(* Let $m=p^{a}q^{b}$ with $a,b$ positive integers and $p,q$ distinct primes, and let $n\ge4$. Then there exists an edge-labeling $\alpha$ of the complete graph $K_n$ by ideals of $\mathbb{Z}/m\mathbb{Z}$ such that $\operatorname{rk}[\mathbb{Z}/m\mathbb{Z}]_{(K_n,\alpha)}=1$.
   Context: An edge-labeling assigns to each edge of a graph a nonzero proper ideal of $\mathbb{Z}/m\mathbb{Z}$. A spline on an edge-labeled graph $(G,\alpha)$ with vertices $v_1,\dots,v_n$ is a vector $(f_{v_1},\dots,f_{v_n})\in(\mathbb{Z}/m\mathbb{Z})^n$ with $f_{v_i}-f_{v_j}\in\alpha(v_iv_j)$ for every edge; the splines form a $\mathbb{Z}$-module $[\mathbb{Z}/m\mathbb{Z}]_{(G,\alpha)}$, whose rank $\operatorname{rk}$ is the smallest size of a generating set. *)

theory Defs
  imports "HOL-Number_Theory.Number_Theory" "HOL-Algebra.Algebra"
begin

text \<open>Z/mZ is modelled by the library ring residue_ring m (carrier {0..m-1}).
  Vertices of K_n are 0..n-1; a spline is a function nat => int that is a residue
  at each vertex i < n and 0 outside.\<close>

definition edge_labeling :: "int \<Rightarrow> nat \<Rightarrow> (nat \<Rightarrow> nat \<Rightarrow> int set) \<Rightarrow> bool" where
  "edge_labeling m n \<alpha> \<longleftrightarrow>
     (\<forall>i<n. \<forall>j<n. i \<noteq> j \<longrightarrow>
        \<alpha> i j = \<alpha> j i \<and> ideal (\<alpha> i j) (residue_ring m) \<and>
        \<alpha> i j \<noteq> {\<zero>\<^bsub>residue_ring m\<^esub>} \<and> \<alpha> i j \<noteq> carrier (residue_ring m))"

definition splines :: "int \<Rightarrow> nat \<Rightarrow> (nat \<Rightarrow> nat \<Rightarrow> int set) \<Rightarrow> (nat \<Rightarrow> int) set" where
  "splines m n \<alpha> = {f. (\<forall>i<n. f i \<in> carrier (residue_ring m)) \<and> (\<forall>i\<ge>n. f i = 0) \<and>
      (\<forall>i<n. \<forall>j<n. i \<noteq> j \<longrightarrow> (f i - f j) mod m \<in> \<alpha> i j)}"

definition zspan :: "int \<Rightarrow> (nat \<Rightarrow> int) set \<Rightarrow> (nat \<Rightarrow> int) set" where
  "zspan m S = {(\<lambda>i. (\<Sum>s\<in>S. c s * s i) mod m) | c. True}"

definition spline_rank :: "int \<Rightarrow> nat \<Rightarrow> (nat \<Rightarrow> nat \<Rightarrow> int set) \<Rightarrow> nat" where
  "spline_rank m n \<alpha> = (LEAST k. \<exists>S. finite S \<and> card S = k \<and> S \<subseteq> splines m n \<alpha> \<and>
      zspan m S = splines m n \<alpha>)"

end

theory Submission
  imports Defs
begin

text \<open>Write \<open>m = P Q\<close> with \<open>P = p\<^sup>a\<close>, \<open>Q = q\<^sup>b\<close> coprime. Split the edges of \<open>K\<^sub>n\<close> into
  two connected spanning subgraphs (possible for \<open>n \<ge> 4\<close>: the star from vertex \<open>0\<close> to all
  \<open>i \<ge> 2\<close> plus the edge \<open>12\<close>, and its complement), labelling the first by \<open>(P)\<close> and
  the second by \<open>(Q)\<close>. Along the first subgraph a spline is constant modulo \<open>P\<close>, along the
  second modulo \<open>Q\<close>, hence it is constant modulo \<open>m\<close>. So the splines are exactly the constant
  vectors, generated by the all-ones vector.\<close>

lemma residue_ring_cgenideal_eq:
  fixes m d :: int
  assumes "0 < d" "d dvd m" "0 < m"
  shows "PIdl\<^bsub>residue_ring m\<^esub> d = {x. 0 \<le> x \<and> x < m \<and> d dvd x}"
proof (intro equalityI subsetI)
  fix x assume "x \<in> PIdl\<^bsub>residue_ring m\<^esub> d"
  then obtain y where "x = (y * d) mod m"
    unfolding cgenideal_def residue_ring_def by auto
  then show "x \<in> {x. 0 \<le> x \<and> x < m \<and> d dvd x}"
    using assms by (simp add: dvd_mod)
next
  fix x assume x: "x \<in> {x. 0 \<le> x \<and> x < m \<and> d dvd x}"
  then obtain k where k: "x = d * k" by blast
  have "0 \<le> k" using x k \<open>0 < d\<close> by (simp add: zero_le_mult_iff)
  moreover have "k \<le> x" using k \<open>0 < d\<close> \<open>0 \<le> k\<close> mult_right_mono[of 1 d k] by simp
  ultimately have "k \<in> {0..m - 1}" using x by simp
  moreover have "x = (k * d) mod m" using x k by (simp add: mult.commute)
  ultimately show "x \<in> PIdl\<^bsub>residue_ring m\<^esub> d"
    unfolding cgenideal_def residue_ring_def by auto
qed

lemma residue_ring_cgenideal_nonzero_proper:
  fixes m d :: int
  assumes "1 < d" "d < m" "d dvd m"
  shows "ideal (PIdl\<^bsub>residue_ring m\<^esub> d) (residue_ring m)"
    and "PIdl\<^bsub>residue_ring m\<^esub> d \<noteq> {\<zero>\<^bsub>residue_ring m\<^esub>}"
    and "PIdl\<^bsub>residue_ring m\<^esub> d \<noteq> carrier (residue_ring m)"
proof -
  interpret residues m "residue_ring m" by unfold_locales (use assms in linarith)
  show "ideal (PIdl\<^bsub>residue_ring m\<^esub> d) (residue_ring m)"
    by (rule cgenideal_ideal) (use assms in \<open>simp add: res_carrier_eq\<close>)
  have PIdl: "PIdl\<^bsub>residue_ring m\<^esub> d = {x. 0 \<le> x \<and> x < m \<and> d dvd x}"
    using assms by (intro residue_ring_cgenideal_eq) auto
  have "d \<in> PIdl\<^bsub>residue_ring m\<^esub> d"
    using assms by (simp add: PIdl)
  then show "PIdl\<^bsub>residue_ring m\<^esub> d \<noteq> {\<zero>\<^bsub>residue_ring m\<^esub>}"
    using assms by (auto simp: res_zero_eq)
  have "1 \<notin> PIdl\<^bsub>residue_ring m\<^esub> d"
    using assms by (simp add: PIdl zdvd1_eq)
  moreover have "1 \<in> carrier (residue_ring m)"
    using assms by (simp add: res_carrier_eq)
  ultimately show "PIdl\<^bsub>residue_ring m\<^esub> d \<noteq> carrier (residue_ring m)"
    by blast
qed

lemma splines_dvd_diff_if_rtranclp:
  assumes f: "f \<in> splines m n \<alpha>" and "d dvd m"
    and E: "\<And>i j. E i j \<Longrightarrow> i < n \<and> j < n \<and> i \<noteq> j \<and> (\<forall>x\<in>\<alpha> i j. d dvd x)"
    and "E\<^sup>*\<^sup>* i j"
  shows "d dvd f i - f j"
  using \<open>E\<^sup>*\<^sup>* i j\<close>
proof (induction rule: rtranclp_induct)
  case base
  then show ?case by simp
next
  case (step k j)
  have "(f k - f j) mod m \<in> \<alpha> k j"
    using f E[OF step.hyps(2)] unfolding splines_def by blast
  then have "d dvd f k - f j"
    using E[OF step.hyps(2)] \<open>d dvd m\<close> by (auto simp: dvd_mod_iff)
  then show ?case
    using dvd_add[OF step.IH] by fastforce
qed

lemma splines_const_if_connected:
  fixes P Q :: int
  assumes f: "f \<in> splines (P * Q) n \<alpha>" and "coprime P Q"
    and conn_P: "(\<lambda>i j. i < n \<and> j < n \<and> i \<noteq> j \<and> (\<forall>x\<in>\<alpha> i j. P dvd x))\<^sup>*\<^sup>* i 0"
    and conn_Q: "(\<lambda>i j. i < n \<and> j < n \<and> i \<noteq> j \<and> (\<forall>x\<in>\<alpha> i j. Q dvd x))\<^sup>*\<^sup>* i 0"
    and "i < n" "0 < n"
  shows "f i = f 0"
proof -
  have "P dvd f i - f 0"
    using splines_dvd_diff_if_rtranclp[OF f _ _ conn_P] by simp
  moreover have "Q dvd f i - f 0"
    using splines_dvd_diff_if_rtranclp[OF f _ _ conn_Q] by simp
  ultimately have "(P * Q) dvd f i - f 0"
    using \<open>coprime P Q\<close> by (rule divides_mult)
  moreover have "f i \<in> {0..P * Q - 1}" "f 0 \<in> {0..P * Q - 1}"
    using f \<open>i < n\<close> \<open>0 < n\<close> unfolding splines_def residue_ring_def by auto
  ultimately show ?thesis
    by (metis atLeastAtMost_iff mod_eq_dvd_iff mod_pos_pos_trivial zle_diff1_eq)
qed

definition vertex_const :: "nat \<Rightarrow> int \<Rightarrow> nat \<Rightarrow> int" where
  "vertex_const n c i = (if i < n then c else 0)"

lemma vertex_const_in_splines:
  assumes "edge_labeling m n \<alpha>" "c \<in> carrier (residue_ring m)"
  shows "vertex_const n c \<in> splines m n \<alpha>"
proof -
  have "0 \<in> \<alpha> i j" if "i < n" "j < n" "i \<noteq> j" for i j
    using assms(1) that additive_subgroup.zero_closed[OF ideal.axioms(1)]
    unfolding edge_labeling_def residue_ring_def by fastforce
  then show ?thesis
    using assms(2) unfolding splines_def vertex_const_def by simp
qed

lemma zspan_singleton: "zspan m {v} = {(\<lambda>i. (c * v i) mod m) | c. True}"
proof -
  have "(\<lambda>i. (c * v i) mod m) \<in> zspan m {v}" for c
    unfolding zspan_def by (auto intro: exI[of _ "\<lambda>_. c"])
  then show ?thesis
    unfolding zspan_def by auto
qed

lemma spline_rank_eq_1_if_splines_const:
  assumes "edge_labeling m n \<alpha>" "1 < m" "0 < n"
    and const: "\<And>f i. f \<in> splines m n \<alpha> \<Longrightarrow> i < n \<Longrightarrow> f i = f 0"
  shows "spline_rank m n \<alpha> = 1"
proof -
  have residue: "c mod m \<in> carrier (residue_ring m)" for c
    using \<open>1 < m\<close> by (simp add: residue_ring_def)
  define e where "e = vertex_const n 1"
  have e: "e \<in> splines m n \<alpha>"
    unfolding e_def using vertex_const_in_splines[OF assms(1) residue[of 1]] \<open>1 < m\<close> by simp
  have span: "zspan m {e} = splines m n \<alpha>"
  proof (intro equalityI subsetI)
    fix g assume "g \<in> zspan m {e}"
    then obtain c where "g = (\<lambda>i. (c * e i) mod m)"
      unfolding zspan_singleton by blast
    then have "g = vertex_const n (c mod m)"
      unfolding e_def vertex_const_def by (simp add: fun_eq_iff)
    then show "g \<in> splines m n \<alpha>"
      using vertex_const_in_splines[OF assms(1) residue] by simp
  next
    fix f assume f: "f \<in> splines m n \<alpha>"
    then have "f 0 \<in> carrier (residue_ring m)"
      using \<open>0 < n\<close> unfolding splines_def by blast
    then have f0: "0 \<le> f 0" "f 0 < m"
      by (simp_all add: residue_ring_def)
    have "f i = (f 0 * e i) mod m" for i
      using f const[OF f, of i] f0 unfolding e_def vertex_const_def splines_def
      by (cases "i < n") simp_all
    then have "f = (\<lambda>i. (f 0 * e i) mod m)" ..
    then show "f \<in> zspan m {e}"
      unfolding zspan_singleton by blast
  qed
  have "e 0 \<noteq> 0"
    using \<open>0 < n\<close> by (simp add: e_def vertex_const_def)
  then have no_empty_basis: "zspan m {} \<noteq> splines m n \<alpha>"
    using e unfolding zspan_def by simp (metis singletonD)
  show ?thesis
    unfolding spline_rank_def
  proof (rule Least_equality)
    show "\<exists>S. finite S \<and> card S = 1 \<and> S \<subseteq> splines m n \<alpha> \<and> zspan m S = splines m n \<alpha>"
      using e span by (intro exI[of _ "{e}"]) simp
  next
    fix k assume "\<exists>S. finite S \<and> card S = k \<and> S \<subseteq> splines m n \<alpha> \<and> zspan m S = splines m n \<alpha>"
    then show "1 \<le> k"
      using no_empty_basis by (metis card_0_eq less_one not_le)
  qed
qed

definition split_edge :: "nat \<Rightarrow> nat \<Rightarrow> bool" where
  "split_edge i j \<longleftrightarrow> (min i j = 0 \<and> 2 \<le> max i j) \<or> (min i j = 1 \<and> max i j = 2)"

lemma split_edge_sym: "split_edge i j = split_edge j i"
  unfolding split_edge_def by (simp add: min.commute max.commute)

lemma split_edge_connected:
  assumes "4 \<le> n" "i < n"
  shows "(\<lambda>i j. i < n \<and> j < n \<and> i \<noteq> j \<and> split_edge i j)\<^sup>*\<^sup>* i 0"
    (is "?E\<^sup>*\<^sup>* i 0")
proof -
  have to_0: "?E\<^sup>*\<^sup>* k 0" if "2 \<le> k" "k < n" for k
    using that by (intro r_into_rtranclp) (simp add: split_edge_def)
  have "?E\<^sup>*\<^sup>* 1 0"
    using assms(1)
    by (intro converse_rtranclp_into_rtranclp[of ?E 1 2] to_0) (auto simp: split_edge_def)
  then show ?thesis
    using to_0 assms(2) by (cases "i \<le> 1") (auto simp: le_Suc_eq)
qed

lemma split_edge_compl_connected:
  assumes "4 \<le> n" "i < n"
  shows "(\<lambda>i j. i < n \<and> j < n \<and> i \<noteq> j \<and> \<not> split_edge i j)\<^sup>*\<^sup>* i 0"
    (is "?E\<^sup>*\<^sup>* i 0")
proof -
  have "?E\<^sup>*\<^sup>* 1 0"
    using assms(1) by (intro r_into_rtranclp) (simp add: split_edge_def)
  then have to_0: "?E\<^sup>*\<^sup>* k 0" if "3 \<le> k" "k < n" for k
    using that by (intro converse_rtranclp_into_rtranclp[of ?E k 1]) (auto simp: split_edge_def)
  then have "?E\<^sup>*\<^sup>* 2 0"
    using assms(1) by (intro converse_rtranclp_into_rtranclp[of ?E 2 3]) (auto simp: split_edge_def)
  then show ?thesis
    using \<open>?E\<^sup>*\<^sup>* 1 0\<close> to_0 assms(2) by (cases "i \<le> 2") (auto simp: le_Suc_eq numeral_eq_Suc)
qed

definition split_labeling :: "int \<Rightarrow> int \<Rightarrow> nat \<Rightarrow> nat \<Rightarrow> int set" where
  "split_labeling P Q i j =
     (if split_edge i j then PIdl\<^bsub>residue_ring (P * Q)\<^esub> P else PIdl\<^bsub>residue_ring (P * Q)\<^esub> Q)"

lemma edge_labeling_split_labeling:
  assumes "1 < P" "1 < Q"
  shows "edge_labeling (P * Q) n (split_labeling P Q)"
  unfolding edge_labeling_def split_labeling_def
  using residue_ring_cgenideal_nonzero_proper[of P "P * Q"]
    residue_ring_cgenideal_nonzero_proper[of Q "P * Q"] assms
  by (simp add: split_edge_sym)

lemma splines_split_labeling_const:
  assumes "1 < P" "1 < Q" "coprime P Q" "4 \<le> n"
    and f: "f \<in> splines (P * Q) n (split_labeling P Q)" and "i < n"
  shows "f i = f 0"
proof (rule splines_const_if_connected[OF f \<open>coprime P Q\<close> _ _ \<open>i < n\<close>])
  have P_dvd: "\<forall>x\<in>split_labeling P Q i j. P dvd x" if "split_edge i j" for i j
    using that assms(1,2) by (simp add: split_labeling_def residue_ring_cgenideal_eq)
  show "(\<lambda>i j. i < n \<and> j < n \<and> i \<noteq> j \<and> (\<forall>x\<in>split_labeling P Q i j. P dvd x))\<^sup>*\<^sup>* i 0"
    using split_edge_connected[OF \<open>4 \<le> n\<close> \<open>i < n\<close>]
    by (rule rtranclp_mono[THEN predicate2D, rotated]) (auto simp: P_dvd)
  have Q_dvd: "\<forall>x\<in>split_labeling P Q i j. Q dvd x" if "\<not> split_edge i j" for i j
    using that assms(1,2) by (simp add: split_labeling_def residue_ring_cgenideal_eq)
  show "(\<lambda>i j. i < n \<and> j < n \<and> i \<noteq> j \<and> (\<forall>x\<in>split_labeling P Q i j. Q dvd x))\<^sup>*\<^sup>* i 0"
    using split_edge_compl_connected[OF \<open>4 \<le> n\<close> \<open>i < n\<close>]
    by (rule rtranclp_mono[THEN predicate2D, rotated]) (auto simp: Q_dvd)
qed (use \<open>4 \<le> n\<close> in simp)

theorem mainTheorem11:
  fixes p q :: int and a b n :: nat
  assumes "Factorial_Ring.prime p" and "Factorial_Ring.prime q" and "p \<noteq> q" and "a > 0" and "b > 0" and "n \<ge> 4"
  shows "\<exists>\<alpha>. edge_labeling (p ^ a * q ^ b) n \<alpha> \<and> spline_rank (p ^ a * q ^ b) n \<alpha> = 1"
proof -
  define P Q where "P = p ^ a" and "Q = q ^ b"
  have "1 < P" "1 < Q"
    unfolding P_def Q_def using assms by (simp_all add: prime_gt_1_int)
  have "coprime P Q"
    unfolding P_def Q_def using primes_coprime[OF assms(1-3)] by simp
  have labeling: "edge_labeling (P * Q) n (split_labeling P Q)"
    using \<open>1 < P\<close> \<open>1 < Q\<close> by (rule edge_labeling_split_labeling)
  have "spline_rank (P * Q) n (split_labeling P Q) = 1"
  proof (rule spline_rank_eq_1_if_splines_const[OF labeling])
    show "1 < P * Q" "0 < n"
      using \<open>1 < P\<close> \<open>1 < Q\<close> \<open>n \<ge> 4\<close> by (auto simp: less_1_mult)
  qed (use \<open>1 < P\<close> \<open>1 < Q\<close> \<open>coprime P Q\<close> \<open>n \<ge> 4\<close> splines_split_labeling_const in blast)
  then show ?thesis
    using labeling unfolding P_def Q_def by blast
qed

end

> **TASK BRIEF**: Show all lines above holding the word "subsetI".

> **OUTPUT OF THE TASK**:
proof (intro equalityI subsetI)
  proof (intro equalityI subsetI)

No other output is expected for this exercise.